*** LISTED RECORDS

(* Let $P$ be a 6-stack whose rank $r(P)$ is a (positive) multiple of $3$. Then $P$ has a retract that is a 4-tower.
   Context: All posets are finite. For a poset $P$ and $p\in P$, the rank $r(p)$ of $p$ is the largest $m$ such that there is a chain $p_0<\dots<p_m=p$ in $P$. $P$ is ranked of rank $r(P)$ if every maximal chain has exactly $r(P)+1$ elements. For $0\le i\le j$, $P(i,j)=\{p\in P:i\le r(p)\le j\}$ (induced order). A subset $Q\subseteq P$ (induced order) is a retract of $P$ if there is an order-preserving $f:P\to Q$ with $f(q)=q$ for all $q\in Q$. The 6-crown $C_6$ is the poset on $\{x_0,x_1,x_2,y_0,y_1,y_2\}$ whose only strict comparabilities are $x_0<y_0>x_1<y_1>x_2<y_2>x_0$. A 6-stack is a ranked poset $P$ of rank $n\ge1$ such that $P(i,i+1)\cong C_6$ for each $0\le i<n$. The ordinal sum of posets $P_1,\dots,P_k$ ($k\ge1$) is their disjoint union ordered by the orders of the $P_i$ together with $p<q$ whenever $p\in P_i,q\in P_j,i<j$. A 4-tower is an ordinal sum of one or more two-element antichains. *)

theory Defs
  imports Main
begin

definition finite_poset :: "'a set \<Rightarrow> ('a \<Rightarrow> 'a \<Rightarrow> bool) \<Rightarrow> bool" where
  "finite_poset P le \<longleftrightarrow> finite P
     \<and> (\<forall>x\<in>P. le x x)
     \<and> (\<forall>x\<in>P. \<forall>y\<in>P. le x y \<and> le y x \<longrightarrow> x = y)
     \<and> (\<forall>x\<in>P. \<forall>y\<in>P. \<forall>z\<in>P. le x y \<and> le y z \<longrightarrow> le x z)"

definition strict :: "('a \<Rightarrow> 'a \<Rightarrow> bool) \<Rightarrow> 'a \<Rightarrow> 'a \<Rightarrow> bool" where
  "strict le x y \<longleftrightarrow> le x y \<and> x \<noteq> y"

definition elem_rank :: "'a set \<Rightarrow> ('a \<Rightarrow> 'a \<Rightarrow> bool) \<Rightarrow> 'a \<Rightarrow> nat" where
  "elem_rank P le p = Max {length xs - 1 | xs. xs \<noteq> [] \<and> set xs \<subseteq> P
      \<and> sorted_wrt (strict le) xs \<and> last xs = p}"

definition is_chain :: "'a set \<Rightarrow> ('a \<Rightarrow> 'a \<Rightarrow> bool) \<Rightarrow> 'a set \<Rightarrow> bool" where
  "is_chain P le C \<longleftrightarrow> C \<subseteq> P \<and> (\<forall>x\<in>C. \<forall>y\<in>C. le x y \<or> le y x)"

******

**AIM OF THE EXERCISE:** Everything above from the line containing "bool) \<Rightarrow> 'a \<Rightarrow> 'a" through the line containing "bool) \<Rightarrow> 'a set" must be copied exactly. Nothing outside that range belongs in the answer.

**COMPLETED TASK:**
definition strict :: "('a \<Rightarrow> 'a \<Rightarrow> bool) \<Rightarrow> 'a \<Rightarrow> 'a \<Rightarrow> bool" where
  "strict le x y \<longleftrightarrow> le x y \<and> x \<noteq> y"

definition elem_rank :: "'a set \<Rightarrow> ('a \<Rightarrow> 'a \<Rightarrow> bool) \<Rightarrow> 'a \<Rightarrow> nat" where
  "elem_rank P le p = Max {length xs - 1 | xs. xs \<noteq> [] \<and> set xs \<subseteq> P
      \<and> sorted_wrt (strict le) xs \<and> last xs = p}"

definition is_chain :: "'a set \<Rightarrow> ('a \<Rightarrow> 'a \<Rightarrow> bool) \<Rightarrow> 'a set \<Rightarrow> bool" where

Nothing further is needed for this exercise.